I can't wait to get back down there next year.
The trailer took a beating on I-95. I replaced it with a new one. This is the reflected of the fenders on SPARTINA'S hull. Kind of interesting.
Sunday, April 4, 2021
Curt was nice enough to send me a screen shot from the Dinghy Cruising NZ Facebook page with Webb's fine photograph of SPARTINA leaving Hilton Head. Very honored to have my Welsford Pathfinder shown there. Thanks, guys, for posting. As mentioned in the comments, there was no wind at dawn. It wasn't too long before the breeze filled in as I sailed from Hilton Head to the Skidway River south of Thunderbolt.
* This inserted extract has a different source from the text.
(* Let $\mathcal{X}$ be an input set, $\mathcal{Y}$ an output set, and $\mathcal{F}$ a set of models $f:\mathcal{X}\to\mathcal{Y}$. Let $n,m\ge 1$. For $i=1,\dots,n$ let $t_i=(p_i,S_i,\ell_i)$ be a learning task, where $p_i$ is a probability distribution on $\mathcal{X}\times\mathcal{Y}$, $\ell_i:\mathcal{Y}\times\mathcal{Y}\to[0,1]$ is a loss function, and $S_i=\{(x_{i,1},y_{i,1}),\dots,(x_{i,m},y_{i,m})\}$ is a sample of size $m$ drawn i.i.d. from $p_i$, the samples $S_1,\dots,S_n$ being drawn independently of each other. Let $\mathcal{E}$ be a set (of "global parameters") and let $l:\mathcal{E}\to\mathbb{N}$ be the length function of a prefix-free encoding of $\mathcal{E}$ (the meta-encoder). For each $E\in\mathcal{E}$, let $l_E:\bigcup_{k=1}^\infty\mathcal{F}^k\to\mathbb{N}$ be the length function of a prefix-free encoding of $\bigcup_{k=1}^\infty\mathcal{F}^k$ (the multi-task encoder given $E$). Then for any $\delta>0$, with probability at least $1-\delta$ over the sampling of $S_1,\dots,S_n$, the following holds simultaneously for all $E\in\mathcal{E}$ and all $f_1,\dots,f_n\in\mathcal{F}$: $$\mathcal{R}(f_1,\dots,f_n)\le \widehat{\mathcal{R}}(f_1,\dots,f_n)+\sqrt{\frac{\big(l(E)+l_E(f_1,\dots,f_n)\big)\log 2+\log\frac{1}{\delta}}{2mn}}.$$
   Context: A (prefix-free) encoding of a set $\mathcal{Z}$ is a map $C:\mathcal{Z}\to\{0,1\}^*$ such that for all $z\neq z'$ in $\mathcal{Z}$, $C(z)$ is not a prefix of $C(z')$; its length function is $z\mapsto$ length of the string $C(z)$. The multi-task risk is $\mathcal{R}(f_1,\dots,f_n)=\frac1n\sum_{i=1}^n \mathbb{E}_{(x,y)\sim p_i}\ell_i(y,f_i(x))$ and the multi-task empirical risk is $\widehat{\mathcal{R}}(f_1,\dots,f_n)=\frac{1}{mn}\sum_{i=1}^n\sum_{j=1}^m \ell_i(y_{i,j},f_i(x_{i,j}))$. *)

theory Defs
  imports "HOL-Probability.Probability" "HOL-Library.Sublist"
begin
I received my annual renewal notice from BoatUS yesterday. Paid online today. I have used the trailer assist twice and the tow service once. The annual fee is worth every penny. Patrick, who towed me from where the mizzen broke to a local marina, said it would have cost me, without the Unlimited Gold towing, around $1500. (His estimate was based the five hours from when he left his dock at Jekyll Island until the time he returned, about five hours.) With the Gold, not a dime.
Saturday, April 3, 2021
I have received a lot of questions about the making of the new mizzen mast. I did build a boat, but I am not a boatbuilder. I did work with wood, but I am not a woodworker. ( How I wish those two sentences were false modesty. Believe me, they are not.). With that in mind I am reluctant to explain the process. There are plenty of sites where you can get good quality information about the process for building a birds mouth mast. Instead I will show some photographs I took along the way.
First thing I did was dig out an old notebook to see if I had written down any specs from the first mizzen built about 15 years ago. I was please to find the above.
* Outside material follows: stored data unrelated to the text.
lemma partial_cloneI:
  assumes "X \<subseteq> P_A"
    and "\<And>n i. 1 \<le> n \<Longrightarrow> i < n \<Longrightarrow> proj n i \<in> X"
    and "\<And>f gs m. f \<in> X \<Longrightarrow> set gs \<subseteq> X \<Longrightarrow> length gs = arity f \<Longrightarrow> 1 \<le> m
          \<Longrightarrow> \<forall>g\<in>set gs. arity g = m \<Longrightarrow> comp_pf f gs m \<in> X"
  shows "partial_clone X"
  using assms unfolding partial_clone_def by blast

lemma partial_clone_subset_P_A: "partial_clone X \<Longrightarrow> X \<subseteq> P_A"
  by (simp add: partial_clone_def)

lemma partial_clone_proj: "partial_clone X \<Longrightarrow> 1 \<le> n \<Longrightarrow> i < n \<Longrightarrow> proj n i \<in> X"
  by (simp add: partial_clone_def)

lemma partial_clone_projs:
  "partial_clone X \<Longrightarrow> 1 \<le> n \<Longrightarrow> k \<le> n \<Longrightarrow> set (map (proj n) [0..<k]) \<subseteq> X"
  by (auto simp: partial_clone_def)

lemma partial_clone_comp_pf:
  "partial_clone X \<Longrightarrow> f \<in> X \<Longrightarrow> set gs \<subseteq> X \<Longrightarrow> length gs = arity f \<Longrightarrow> 1 \<le> m
    \<Longrightarrow> \<forall>g\<in>set gs. arity g = m \<Longrightarrow> comp_pf f gs m \<in> X"
  unfolding partial_clone_def by blast

lemma strong_partial_clone_restriction:
  "strong_partial_clone X \<Longrightarrow> g \<in> X \<Longrightarrow> f \<in> P_A \<Longrightarrow> restriction_of f g \<Longrightarrow> f \<in> X"
  unfolding strong_partial_clone_def by blast

lemma partial_clone_constf:
  assumes "partial_clone X" and "constf k a \<in> X" and "1 \<le> n"
  shows "constf n a \<in> X"
proof -
  have "set (replicate k (proj n 0)) \<subseteq> X"
    using partial_clone_proj[OF assms(1,3)] assms(3) by auto
  then have "comp_pf (constf k a) (replicate k (proj n 0)) n \<in> X"
    using assms by (intro partial_clone_comp_pf) auto
  then show ?thesis by (simp add: constf_comp_pf)
qed

subsection \<open>The D-stable part of a partial clone\<close>

definition stable_part :: "'a pfun set \<Rightarrow> 'a pfun set \<Rightarrow> 'a pfun set" where
  "stable_part D X = {f \<in> X. \<forall>gs m. set gs \<subseteq> D \<and> length gs = arity f \<and> 1 \<le> m
     \<and> (\<forall>g\<in>set gs. arity g = m) \<and> comp_pf f gs m \<in> O_A \<longrightarrow> comp_pf f gs m \<in> D}"

lemma stable_partI:
  assumes "f \<in> X"
    and "\<And>gs m. set gs \<subseteq> D \<Longrightarrow> length gs = arity f \<Longrightarrow> 1 \<le> m
          \<Longrightarrow> \<forall>g\<in>set gs. arity g = m \<Longrightarrow> comp_pf f gs m \<in> O_A \<Longrightarrow> comp_pf f gs m \<in> D"
  shows "f \<in> stable_part D X"
  using assms unfolding stable_part_def by blast

lemma stable_partD:
  "f \<in> stable_part D X \<Longrightarrow> set gs \<subseteq> D \<Longrightarrow> length gs = arity f \<Longrightarrow> 1 \<le> m
    \<Longrightarrow> \<forall>g\<in>set gs. arity g = m \<Longrightarrow> comp_pf f gs m \<in> O_A \<Longrightarrow> comp_pf f gs m \<in> D"
  unfolding stable_part_def by blast

lemma stable_part_subset: "stable_part D X \<subseteq> X"
  unfolding stable_part_def by blast

lemma proj_in_stable_part:
  assumes "D \<subseteq> O_A" and "proj n i \<in> X" and "i < n"
  shows "proj n i \<in> stable_part D X"
proof (rule stable_partI[OF assms(2)])
  fix gs m assume gs: "set gs \<subseteq> D" "length gs = arity (proj n i)" "\<forall>g\<in>set gs. arity g = m"
  then have "comp_pf (proj n i) gs m = gs ! i"
    using assms by (intro proj_comp_pf) auto
  then show "comp_pf (proj n i) gs m \<in> D"
    using gs assms(3) nth_mem by fastforce
qed

text \<open>If a total composition (f \<circ> hs) \<circ> gs = f \<circ> (hs \<circ> gs) is total, so is every h \<circ> gs;
  stability of the h then puts hs \<circ> gs into D, and stability of f finishes.\<close>

lemma comp_pf_in_stable_part:
  assumes X: "partial_clone X" and f: "f \<in> stable_part D X" and hs: "set hs \<subseteq> stable_part D X"
    and len: "length hs = arity f" and k: "1 \<le> k" and ar: "\<forall>h\<in>set hs. arity h = k"
  shows "comp_pf f hs k \<in> stable_part D X"
proof (rule stable_partI)
  show "comp_pf f hs k \<in> X"
    using partial_clone_comp_pf[OF X _ _ len k ar] f hs stable_part_subset by blast
  have "f \<in> P_A" using f stable_part_subset partial_clone_subset_P_A[OF X] by blast
  then have hs_ne: "hs \<noteq> []" using len by (auto simp: P_A_def)
  fix gs m assume gs: "set gs \<subseteq> D" "length gs = arity (comp_pf f hs k)" "1 \<le> m"
    "\<forall>g\<in>set gs. arity g = m" "comp_pf (comp_pf f hs k) gs m \<in> O_A"
  let ?hgs = "map (\<lambda>h. comp_pf h gs m) hs"
  have assoc: "comp_pf (comp_pf f hs k) gs m = comp_pf f ?hgs m"
    using gs(2) by (intro comp_pf_assoc[OF hs_ne]) simp
  have total: "app (comp_pf f ?hgs m) xs \<noteq> None" if "length xs = m" for xs
    using gs(5) that by (simp add: assoc comp_pf_in_O_A_iff)
  have "comp_pf h gs m \<in> D" if h: "h \<in> set hs" for h
  proof -
    have "comp_pf h gs m \<in> O_A"
      using gs(3) h app_comp_pf_defined_args[OF total] by (auto simp: comp_pf_in_O_A_iff)
    then show ?thesis
      using stable_partD[of h D X gs m] h hs gs ar by auto
  qed
  then have "set ?hgs \<subseteq> D" by auto
  then have "comp_pf f ?hgs m \<in> D"
    using stable_partD[OF f, of ?hgs m] len gs(3,5) assoc by auto
  then show "comp_pf (comp_pf f hs k) gs m \<in> D" by (simp add: assoc)
qed

lemma stable_part_partial_clone:
  assumes "partial_clone X" and "D \<subseteq> O_A"
  shows "partial_clone (stable_part D X)"
proof (rule partial_cloneI)
  show "stable_part D X \<subseteq> P_A"
    using stable_part_subset partial_clone_subset_P_A[OF assms(1)] by blast
  show "proj n i \<in> stable_part D X" if "1 \<le> n" "i < n" for n i
    using that assms by (intro proj_in_stable_part partial_clone_proj)
qed (rule comp_pf_in_stable_part[OF assms(1)])

lemma stable_part_restriction:
  assumes X: "strong_partial_clone X" and g: "g \<in> stable_part D X"
    and f: "f \<in> P_A" and r: "restriction_of f g"
  shows "f \<in> stable_part D X"
proof (rule stable_partI)
  show "f \<in> X"
    using strong_partial_clone_restriction[OF X _ f r] g stable_part_subset by blast
  fix gs m assume gs: "set gs \<subseteq> D" "length gs = arity f" "1 \<le> m"
    "\<forall>g\<in>set gs. arity g = m" "comp_pf f gs m \<in> O_A"
  have "comp_pf f gs m = comp_pf g gs m" by (rule total_comp_pf_restriction[OF r gs(5)])
  moreover have "arity f = arity g" using r by (simp add: restriction_of_def)
  ultimately show "comp_pf f gs m \<in> D"
    using stable_partD[OF g gs(1) _ gs(3,4)] gs(2,5) by simp
qed

lemma stable_part_strong_partial_clone:
  assumes "strong_partial_clone X" and "D \<subseteq> O_A"
  shows "strong_partial_clone (stable_part D X)"
  using assms stable_part_partial_clone stable_part_restriction
  unfolding strong_partial_clone_def by blast

lemma stable_part_inter_O_A:
  assumes D: "total_clone D" and DX: "D \<subseteq> X"
  shows "stable_part D X \<inter> O_A = D"
proof
  have Dp: "partial_clone D" and DO: "D \<subseteq> O_A" using D by (auto simp: total_clone_def)
  show "stable_part D X \<inter> O_A \<subseteq> D"
  proof
    fix f assume f: "f \<in> stable_part D X \<inter> O_A"
    let ?n = "arity f"
    have fP: "f \<in> P_A" using f by (auto simp: O_A_def)
    then have n: "1 \<le> ?n" by (simp add: P_A_def)
    have "comp_pf f (map (proj ?n) [0..<?n]) ?n \<in> D"
      using f n partial_clone_projs[OF Dp n order_refl] comp_pf_projs[OF fP]
      by (intro stable_partD[of f D X]) auto
    then show "f \<in> D" by (simp add: comp_pf_projs[OF fP])
  qed
  show "D \<subseteq> stable_part D X \<inter> O_A"
    using DX DO partial_clone_comp_pf[OF Dp] by (auto intro: stable_partI)
qed

lemma stable_part_I_str:
  assumes "total_clone D" and "D \<subseteq> C" and "X \<in> I_str C"
  shows "stable_part D X \<in> I_str D"
proof -
  have "strong_partial_clone X" and "D \<subseteq> X" using assms(2,3) by (auto simp: I_str_def)
  moreover have "D \<subseteq> O_A" using assms(1) by (simp add: total_clone_def)
  ultimately show ?thesis
    using stable_part_strong_partial_clone stable_part_inter_O_A[OF assms(1)]
    by (simp add: I_str_def)
qed

subsection \<open>Guarding the last argument by a constant\<close>

definition guard_last :: "'a \<Rightarrow> 'a pfun \<Rightarrow> 'a pfun" where
  "guard_last a f = (arity f + 1,
     \<lambda>xs. if length xs = arity f + 1 \<and> last xs = a then app f (butlast xs) else None)"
(This second mast was built at a boat shop with a lot of help from very, very experienced boatbuilders and some dedicated young students. What amazes me today is that my Dad and two daughters built the first masts with no experience using a $90 table saw (picture a cheap circular saw mounted upside down in an aluminum stand) set up in the street to rip 16 and 20 foot pieces of wood into staves, cut the v notch and glue it all up on a hot July day. I wish Dad was still around to remind him of what we accomplished that day. I do remember we celebrated that afternoon with a couple bottles of Corona and a lime.)
Test cuts in cheap pine from the hardware
store to check measurements on both the
table saw and router with a 90 degree bit.
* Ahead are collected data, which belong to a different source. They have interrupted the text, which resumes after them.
lemma alg_iso_of_inverse:
  assumes inv1: "\<And>y. \<psi> (\<phi> y) = y" and inv2: "\<And>y. \<phi> (\<psi> y) = y"
    and lin: "\<And>a x y. \<phi> (a *s x + y) = a *s \<phi> x + \<phi> y"
    and hom: "\<And>x y. m (\<phi> x) (\<phi> y) = \<phi> (m' x y)"
  shows "alg_iso m m'"
  unfolding alg_iso_def
proof (intro exI[of _ \<psi>] conjI allI)
  show "bij \<psi>" unfolding bij_def inj_def surj_def using inv1 inv2 by metis
  fix a x y
  have "\<psi> (a *s x + y) = \<psi> (a *s \<phi> (\<psi> x) + \<phi> (\<psi> y))" by (simp only: inv2)
  also have "\<dots> = a *s \<psi> x + \<psi> y" by (simp only: lin[symmetric] inv1)
  finally show "\<psi> (a *s x + y) = a *s \<psi> x + \<psi> y" .
next
  fix x y
  have "\<psi> (m x y) = \<psi> (m (\<phi> (\<psi> x)) (\<phi> (\<psi> y)))" by (simp only: inv2)
  also have "\<dots> = m' (\<psi> x) (\<psi> y)" by (simp only: hom inv1)
  finally show "\<psi> (m x y) = m' (\<psi> x) (\<psi> y)" .
qed

lemma alg_iso_of_bij:
  assumes "bij \<phi>" and "\<And>a x y. \<phi> (a *s x + y) = a *s \<phi> x + \<phi> y"
    and "\<And>x y. m (\<phi> x) (\<phi> y) = \<phi> (m' x y)"
  shows "alg_iso m m'"
  by (rule alg_iso_of_inverse[where \<phi>=\<phi> and \<psi>="inv \<phi>"])
    (use assms in \<open>simp_all add: bij_is_inj bij_is_surj surj_f_inv_f\<close>)

lemma alg_iso_nil_index3:
  assumes "alg_iso m M" and "nil_index3 m"
  shows "nil_index3 M"
proof -
  obtain f where f: "bij f" "\<And>a x y. f (a *s x + y) = a *s f x + f y" "\<And>x y. f (m x y) = M (f x) (f y)"
    using assms(1) unfolding alg_iso_def by blast
  have f0: "f 0 = 0" using f(2)[of 1 0 0] by simp
  show ?thesis unfolding nil_index3_def
  proof
    fix u
    obtain x where x: "u = f x" using f(1) by (metis bij_pointE)
    have "M (M u u) u = f (m (m x x) x)" "M u (M u u) = f (m x (m x x))" unfolding x f(3) by simp_all
    then show "M (M u u) u = 0 \<and> M u (M u u) = 0" using assms(2) f0 unfolding nil_index3_def by simp
  qed
qed

lemma alg_iso_two_step_nilpotent:
  assumes "alg_iso m M" and "two_step_nilpotent M"
  shows "two_step_nilpotent m"
proof -
  obtain f where f: "bij f" "\<And>a x y. f (a *s x + y) = a *s f x + f y" "\<And>x y. f (m x y) = M (f x) (f y)"
    using assms(1) unfolding alg_iso_def by blast
  have f0: "f 0 = 0" using f(2)[of 1 0 0] by simp
  have "f (m (m x y) z) = f 0 \<and> f (m x (m y z)) = f 0" for x y z
    using assms(2) f0 unfolding f(3) two_step_nilpotent_def by simp
  then show ?thesis
    using bij_is_inj[OF f(1)] unfolding two_step_nilpotent_def by (auto dest: injD)
qed

lemma vec_span_eq_UNIV_iff_dim: "vec.span (S :: V4 set) = UNIV \<longleftrightarrow> vec.dim S = 4"
  using vec.dim_eq_full[of S] by (simp add: vec.dimension_def card_cart_basis)

lemma vec_span_eq_of_dim:
  assumes "vec.subspace S" and "B \<subseteq> S" and "vec.dim S \<le> vec.dim B"
  shows "vec.span B = S"
  using vec.dim_eq_span[OF assms(2,3)] assms(1) vec.span_eq_iff by blast

lemma vec_exists_dim_insert:
  assumes "vec.subspace S" and "B \<subseteq> S" and "vec.dim B < vec.dim S"
  shows "\<exists>x\<in>S. vec.dim (insert x B) = vec.dim B + 1"
proof -
  have "\<not> S \<subseteq> vec.span B"
  proof
    assume "S \<subseteq> vec.span B"
    then have "vec.dim S \<le> vec.dim B" using vec.dim_subset[of S "vec.span B"] by simp
    then show False using assms(3) by simp
  qed
  then obtain x where "x \<in> S" "x \<notin> vec.span B" by blast
  then show ?thesis using vec.dim_insert[of x B] by (intro bexI[of _ x]) simp_all
qed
1x8x16 clear Douglas fir ripped in to
3/4 x 3/4 staves with the v notch
Dry fitting the staves.
The boat shop's cradle along with the
dry-fitted mast and oak dowel. The
mast is hollow save for the bottom four
feet and the top two and one-half feet.
The dry fitted mast along with
part of the original.
Some wonderful, skilled and dedicated
students helped with the routing of the
v notch and first dry fitting of the mast.
Strakes laid on on glue day.
Tom at the boat shop saw the mast building as
a teaching opportunity for their students. He is
always looking for different skills for them to
develop. Here they are spending epoxy, first clear
and then thickened, a process that needs
to be accomplished before the epoxy fires off.
Epoxied with dowel inserts at the top and the
bottom, the strakes are pulled tight
with hose clamps.
A day later, planing and sanding to shape.
Bringing the mast home
for final shaping and varnishing.
First fitting in SPARTINA. Too heavy
and a little to thick, so a couple more hours
sanding. A slight curve in the mast which
is perfect for the designed rake of the mast.
Many thanks to Tom, the guys and the students at the shop. Varnishing this weekend, hoping for a test sail Monday.